■ Work required
Check each line of the records below and collect those holding "fixes".

Stored items:
_ _ _ _ _

(* Let $m,n$ be integers with $1<m<n-1$. Then there exist infinitely many $x\in\mathrm{Gr}(m,n)(\mathbb{Q})$ with $\ell(x)=0$.
   Context: For integers $1\le m\le n-1$, rational points $x\in\mathrm{Gr}(m,n)(\mathbb{Q})$ (the $m$-dimensional linear subspaces $W\subset\mathbb{Q}^n$) are identified with primitive lattices $\Lambda=W\cap\mathbb{Z}^n$ of rank $m$; a sublattice $\Lambda\subset\mathbb{Z}^n$ is primitive if $\Lambda_{\mathbb{R}}\cap\mathbb{Z}^n=\Lambda$, where $\Lambda_{\mathbb{R}}$ denotes the real span of $\Lambda$. All lattices live in Euclidean spaces, and $\mathrm{covol}(L)=\sqrt{\det(\langle b_i,b_j\rangle)_{i,j}}$ for any basis $(b_i)$ of $L$. The anticanonical height is $H(x)=\mathrm{covol}(\Lambda)^n$ and $h(x)=\log H(x)$. The dual lattice is $\Lambda^*=\{y\in\Lambda_{\mathbb{R}}:\langle y,z\rangle\in\mathbb{Z}\ \forall z\in\Lambda\}$; the factor lattice $\Lambda^\pi$ is the image of $\mathbb{Z}^n$ under the orthogonal projection $\mathbb{R}^n\to\Lambda_{\mathbb{R}}^\perp$. The tangent lattice is $T_\Lambda=\Lambda^*\otimes_{\mathbb{Z}}\Lambda^\pi$, a lattice of rank $m(n-m)$ in $\mathbb{R}^n\otimes\mathbb{R}^n$ with inner product $\langle a\otimes b,c\otimes d\rangle=\langle a,c\rangle\langle b,d\rangle$. For a lattice $L$ of rank $r$, its slope is $\mu(L)=-\frac1r\log\mathrm{covol}(L)$; the maximal slope $\mu_{\max}(L)$ is the maximum of $\mu(M)$ over nonzero sublattices $M\subseteq L$; the minimal slope $\mu_{\min}(L)$ is the minimum of $\mu(L/M)$ over primitive sublattices $M\subsetneq L$, where $L/M$ is identified with the orthogonal projection of $L$ onto $M_{\mathbb{R}}^\perp\cap L_{\mathbb{R}}$. The freeness of $x$ (with $H(x)>1$) is $\ell(x)=\max\{m(n-m)\mu_{\min}(T_\Lambda),0\}/h(x)\in[0,1]$. *)

theory Defs
  imports "HOL-Analysis.Analysis"
begin

definition int_span :: "'a::real_vector set \<Rightarrow> 'a set" where
  "int_span S = {x. \<exists>F c. finite F \<and> F \<subseteq> S \<and> x = (\<Sum>v\<in>F. of_int (c v) *\<^sub>R v)}"

definition lattice_basis :: "'a::euclidean_space set \<Rightarrow> 'a list \<Rightarrow> bool" where
  "lattice_basis L bs \<longleftrightarrow> distinct bs \<and> independent (set bs) \<and> L = int_span (set bs)"

definition gram_det :: "'a::euclidean_space list \<Rightarrow> real" where
  "gram_det bs = (\<Sum>p\<in>{p. p permutes {..<length bs}}.
      of_int (sign p) * (\<Prod>i<length bs. (bs ! i) \<bullet> (bs ! (p i))))"

definition covol :: "'a::euclidean_space set \<Rightarrow> real" where
  "covol L = sqrt (gram_det (SOME bs. lattice_basis L bs))"

definition lattice_rank :: "'a::euclidean_space set \<Rightarrow> nat" where
  "lattice_rank L = dim (span L)"

definition slope :: "'a::euclidean_space set \<Rightarrow> real" where
  "slope L = - (1 / real (lattice_rank L)) * ln (covol L)"

definition perp_proj :: "'a::euclidean_space set \<Rightarrow> 'a \<Rightarrow> 'a" where
  "perp_proj V x = (THE y. x - y \<in> V \<and> (\<forall>v\<in>V. v \<bullet> y = 0))"

definition primitive_sublattice :: "'a::euclidean_space set \<Rightarrow> 'a set \<Rightarrow> bool" where
  "primitive_sublattice M L \<longleftrightarrow> M \<subseteq> L \<and> span M \<inter> L = M"

text \<open>L/M: orthogonal projection of L onto (span M)^perp (inside span L).\<close>
definition lattice_quot :: "'a::euclidean_space set \<Rightarrow> 'a set \<Rightarrow> 'a set" where
  "lattice_quot L M = perp_proj (span M) ` L"

text \<open>Minimal slope (the minimum is attained; we write it as an infimum).\<close>
definition min_slope :: "'a::euclidean_space set \<Rightarrow> real" where
  "min_slope L = Inf {slope (lattice_quot L M) | M. primitive_sublattice M L \<and> M \<noteq> L}"

definition dual_lattice :: "'a::euclidean_space set \<Rightarrow> 'a set" where
  "dual_lattice L = {y \<in> span L. \<forall>z\<in>L. y \<bullet> z \<in> \<int>}"

definition int_points :: "(real^'n) set" where
  "int_points = {x. \<forall>i. x $ i \<in> \<int>}"

text \<open>Rational points of Gr(m,n), n = CARD('n), identified with primitive lattices of rank m.\<close>
definition grass_points :: "nat \<Rightarrow> (real^'n) set set" where
  "grass_points m = {\<Lambda>. \<Lambda> \<subseteq> int_points \<and> \<Lambda> = span \<Lambda> \<inter> int_points \<and> dim (span \<Lambda>) = m}"

definition factor_lattice :: "(real^'n) set \<Rightarrow> (real^'n) set" where
  "factor_lattice \<Lambda> = perp_proj (span \<Lambda>) ` int_points"

text \<open>R^n tensor R^n realised as real^('n \<times> 'n), with (a \<otimes> b)(i,j) = a_i b_j;
  its standard inner product satisfies <a\<otimes>b, c\<otimes>d> = <a,c><b,d>.\<close>
definition tensor_vec :: "real^'n \<Rightarrow> real^'n \<Rightarrow> real^('n \<times> 'n)" where
  "tensor_vec a b = (\<chi> p. a $ fst p * b $ snd p)"

definition tangent_lattice :: "(real^'n) set \<Rightarrow> (real^('n \<times> 'n)) set" where
  "tangent_lattice \<Lambda> =
     int_span {tensor_vec a b | a b. a \<in> dual_lattice \<Lambda> \<and> b \<in> factor_lattice \<Lambda>}"

definition height :: "(real^'n) set \<Rightarrow> real" where
  "height \<Lambda> = covol \<Lambda> ^ CARD('n)"

definition log_height :: "(real^'n) set \<Rightarrow> real" where
  "log_height \<Lambda> = ln (height \<Lambda>)"

text \<open>Freeness ell(x) (meaningful when H(x) > 1).\<close>
definition freeness :: "(real^'n) set \<Rightarrow> real" where
  "freeness \<Lambda> =
     (let m = dim (span \<Lambda>) in
      max (real (m * (CARD('n) - m)) * min_slope (tangent_lattice \<Lambda>)) 0 / log_height \<Lambda>)"

end

theory Submission
  imports Defs "Jordan_Normal_Form.Determinant"
begin

text \<open>
  Let \<open>\<Lambda>\<^sub>k\<close> (\<open>k \<ge> 1\<close>) be the primitive lattice spanned by the unit vectors \<open>e\<^sub>i\<close>, \<open>i \<in> I\<close>,
  \<open>|I| = m - 1\<close>, and by \<open>w = e\<^sub>a + k e\<^sub>b\<close>. Its covolume is \<open>sqrt (1 + k\<^sup>2) > 1\<close>, and different \<open>k\<close>
  give different lattices. Pick \<open>i\<^sub>0 \<in> I\<close> (possible as \<open>m > 1\<close>) and a coordinate \<open>j\<^sub>0 \<notin> I \<union> {a, b}\<close>
  (possible as \<open>m < n - 1\<close>). Then \<open>e\<^sub>i\<^sub>0\<close> lies in \<open>\<Lambda>\<^sup>*\<close> and \<open>e\<^sub>j\<^sub>0\<close> in \<open>\<Lambda>\<^sup>\<pi>\<close>, so
  \<open>u = e\<^sub>i\<^sub>0 \<otimes> e\<^sub>j\<^sub>0\<close> is a unit vector of \<open>T\<^sub>\<Lambda>\<close>, and \<open>\<langle>t, u\<rangle>\<close> is an integer for every
  \<open>t \<in> T\<^sub>\<Lambda>\<close>. Projecting \<open>T\<^sub>\<Lambda>\<close> onto \<open>\<real> u\<close> therefore yields the rank-one quotient \<open>\<int> u\<close> of
  covolume 1, whence \<open>\<mu>\<^sub>m\<^sub>i\<^sub>n(T\<^sub>\<Lambda>) \<le> 0\<close> and the freeness vanishes.

  Since the minimal slope is an infimum of reals, one also needs the slopes of all quotients to
  be bounded below: \<open>T\<^sub>\<Lambda>\<close> has bounded denominators, so it and its quotients are lattices, and
  it is spanned by vectors of norm at most \<open>1 + k\<^sup>2\<close>, so by Hadamard's inequality every quotient
  has slope at least \<open>- ln (1 + k\<^sup>2)\<close>.
\<close>

interpretation Z: Modules.module "\<lambda>(k::int) (x::'a::real_vector). of_int k *\<^sub>R x"
  by standard (auto simp: scaleR_add_right scaleR_add_left)

lemma int_span_eq_Z_span: "int_span S = Z.span S"
  unfolding int_span_def Z.span_explicit by auto

lemma Z_subspace_iff:
  "Z.subspace G \<longleftrightarrow>
     0 \<in> G \<and> (\<forall>x\<in>G. \<forall>y\<in>G. x + y \<in> G) \<and> (\<forall>k::int. \<forall>x\<in>G. of_int k *\<^sub>R x \<in> G)"
  unfolding Z.subspace_def by auto

lemma Z_span_subset_span: "Z.span S \<subseteq> span S"
  by (rule Z.span_minimal) (auto simp: Z.subspace_def span_base span_add span_scale span_zero)

lemma span_int_span: "span (int_span S) = span S"
proof
  show "span (int_span S) \<subseteq> span S"
    unfolding int_span_eq_Z_span using Z_span_subset_span by (metis span_minimal subspace_span)
  show "span S \<subseteq> span (int_span S)"
    unfolding int_span_eq_Z_span by (rule span_mono[OF Z.span_superset])
qed

lemma Z_subspace_linear_image:
  assumes T: "Z.subspace T" and f: "linear f"
  shows "Z.subspace (f ` T)"
  unfolding Z_subspace_iff
proof (intro conjI ballI allI)
  show "0 \<in> f ` T" using Z.subspace_0[OF T] linear_0[OF f] by (metis image_eqI)
next
  fix x y assume "x \<in> f ` T" "y \<in> f ` T"
  then obtain a b where "a \<in> T" "b \<in> T" "x = f a" "y = f b" by auto
  then show "x + y \<in> f ` T" using Z.subspace_add[OF T] linear_add[OF f] by (metis image_eqI)
next
  fix k :: int and x assume "x \<in> f ` T"
  then obtain a where "a \<in> T" "x = f a" by auto
  then show "of_int k *\<^sub>R x \<in> f ` T"
    using Z.subspace_scale[OF T] linear_scale[OF f] by (metis image_eqI)
qed

lemma Z_subspace_linear_preimage_Ints:
  fixes \<phi> :: "'a::real_vector \<Rightarrow> real"
  assumes "linear \<phi>"
  shows "Z.subspace {x. \<phi> x \<in> \<int>}"
  using assms unfolding Z_subspace_iff
  by (auto simp: linear_0 linear_add linear_scale intro: Ints_add Ints_mult)

lemma (in Modules.module) span_set_list: "span (set xs) = {\<Sum>j<length xs. c j *s xs!j | c. True}"
proof (induction xs)
  case Nil
  then show ?case by auto
next
  case (Cons x xs)
  have "span (set (x#xs)) = {y. \<exists>k. y - k *s x \<in> span (set xs)}"
    by (simp add: span_insert)
  also have "\<dots> = {\<Sum>j<length (x#xs). c j *s (x#xs)!j | c. True}"
  proof safe
    fix y k assume "y - k *s x \<in> span (set xs)"
    then obtain c where c: "y - k *s x = (\<Sum>j<length xs. c j *s xs!j)" using Cons by auto
    show "\<exists>c'. y = (\<Sum>j<length (x#xs). c' j *s (x#xs)!j) \<and> True"
      by (rule exI[of _ "\<lambda>j. case j of 0 \<Rightarrow> k | Suc j \<Rightarrow> c j"])
         (simp only: length_Cons sum.lessThan_Suc_shift, simp add: c[symmetric])
  next
    fix c
    show "\<exists>k. (\<Sum>j<length (x#xs). c j *s (x#xs)!j) - k *s x \<in> span (set xs)"
      using Cons by (intro exI[of _ "c 0"]) (simp only: length_Cons sum.lessThan_Suc_shift, auto)
  qed
  finally show ?case .
qed

lemma int_span_set_list: "int_span (set xs) = {\<Sum>j<length xs. of_int (c j) *\<^sub>R xs!j | c. True}"
  unfolding int_span_eq_Z_span Z.span_set_list by simp

section \<open>Gram determinants\<close>

definition gram_mat :: "'a::euclidean_space list \<Rightarrow> real mat" where
  "gram_mat bs = mat (length bs) (length bs) (\<lambda>(i,j). bs!i \<bullet> bs!j)"

lemma gram_mat_carrier [simp]: "gram_mat bs \<in> carrier_mat (length bs) (length bs)"
  unfolding gram_mat_def by simp

lemma gram_det_eq_det_gram_mat: "gram_det bs = Determinant.det (gram_mat bs)"
proof -
  have "Determinant.det (gram_mat bs) = (\<Sum>p\<in>{p. p permutes {0..<length bs}}.
     signof p * (\<Prod>i = 0..<length bs. gram_mat bs $$ (i, p i)))"
    by (rule det_def'[OF gram_mat_carrier])
  also have "\<dots> = gram_det bs"
    unfolding gram_det_def lessThan_atLeast0
  proof (rule sum.cong[OF refl], rule arg_cong[where f="\<lambda>x. _ * x"], rule prod.cong[OF refl])
    fix p i assume p: "p \<in> {p. p permutes {0..<length bs}}" and i: "i \<in> {0..<length bs}"
    have "p i < length bs" using permutes_in_image[of p "{0..<length bs}" i] p i by auto
    then show "gram_mat bs $$ (i, p i) = bs ! i \<bullet> bs ! p i" using i by (simp add: gram_mat_def)
  qed
  finally show ?thesis ..
qed

definition mat_lincomb :: "real mat \<Rightarrow> 'a::real_vector list \<Rightarrow> 'a list" where
  "mat_lincomb A bs = map (\<lambda>i. \<Sum>j<length bs. A $$ (i,j) *\<^sub>R bs!j) [0..<dim_row A]"

lemma length_mat_lincomb [simp]: "length (mat_lincomb A bs) = dim_row A"
  by (simp add: mat_lincomb_def)

lemma nth_mat_lincomb:
  "i < dim_row A \<Longrightarrow> mat_lincomb A bs ! i = (\<Sum>j<length bs. A $$ (i,j) *\<^sub>R bs!j)"
  by (simp add: mat_lincomb_def)

lemma gram_mat_mat_lincomb:
  fixes bs :: "'a::euclidean_space list"
  assumes A: "A \<in> carrier_mat r (length bs)"
  shows "gram_mat (mat_lincomb A bs) = A * gram_mat bs * transpose_mat A"
proof (rule eq_matI)
  show "dim_row (gram_mat (mat_lincomb A bs)) = dim_row (A * gram_mat bs * transpose_mat A)"
    and "dim_col (gram_mat (mat_lincomb A bs)) = dim_col (A * gram_mat bs * transpose_mat A)"
    using A by (simp_all add: gram_mat_def)
  fix i j
  assume "i < dim_row (A * gram_mat bs * transpose_mat A)"
    and "j < dim_col (A * gram_mat bs * transpose_mat A)"
  then have ij: "i < r" "j < r" using A by auto
  have "gram_mat (mat_lincomb A bs) $$ (i,j)
      = (\<Sum>l<length bs. A $$ (i,l) *\<^sub>R bs!l) \<bullet> (\<Sum>k<length bs. A $$ (j,k) *\<^sub>R bs!k)"
    using ij A by (simp add: gram_mat_def nth_mat_lincomb)
  also have "\<dots> = (\<Sum>l<length bs. \<Sum>k<length bs. A $$ (i,l) * A $$ (j,k) * (bs!l \<bullet> bs!k))"
    by (simp add: inner_sum_left inner_sum_right sum_distrib_left mult.assoc,
        subst sum.swap, simp add: ac_simps)
  also have "\<dots> = (\<Sum>k<length bs. \<Sum>l<length bs. A $$ (i,l) * (bs!l \<bullet> bs!k) * A $$ (j,k))"
    by (rule trans[OF sum.swap]) (auto intro!: sum.cong simp: ac_simps)
  also have "\<dots> = (A * gram_mat bs * transpose_mat A) $$ (i,j)"
    using ij A by (simp add: index_mult_mat scalar_prod_def gram_mat_def sum_distrib_right lessThan_atLeast0)
  finally show "gram_mat (mat_lincomb A bs) $$ (i,j) = (A * gram_mat bs * transpose_mat A) $$ (i,j)" .
qed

_ _ _ _ _

■ Response box
  fixes \<phi> :: "'a::real_vector \<Rightarrow> real"
  fixes bs :: "'a::euclidean_space list"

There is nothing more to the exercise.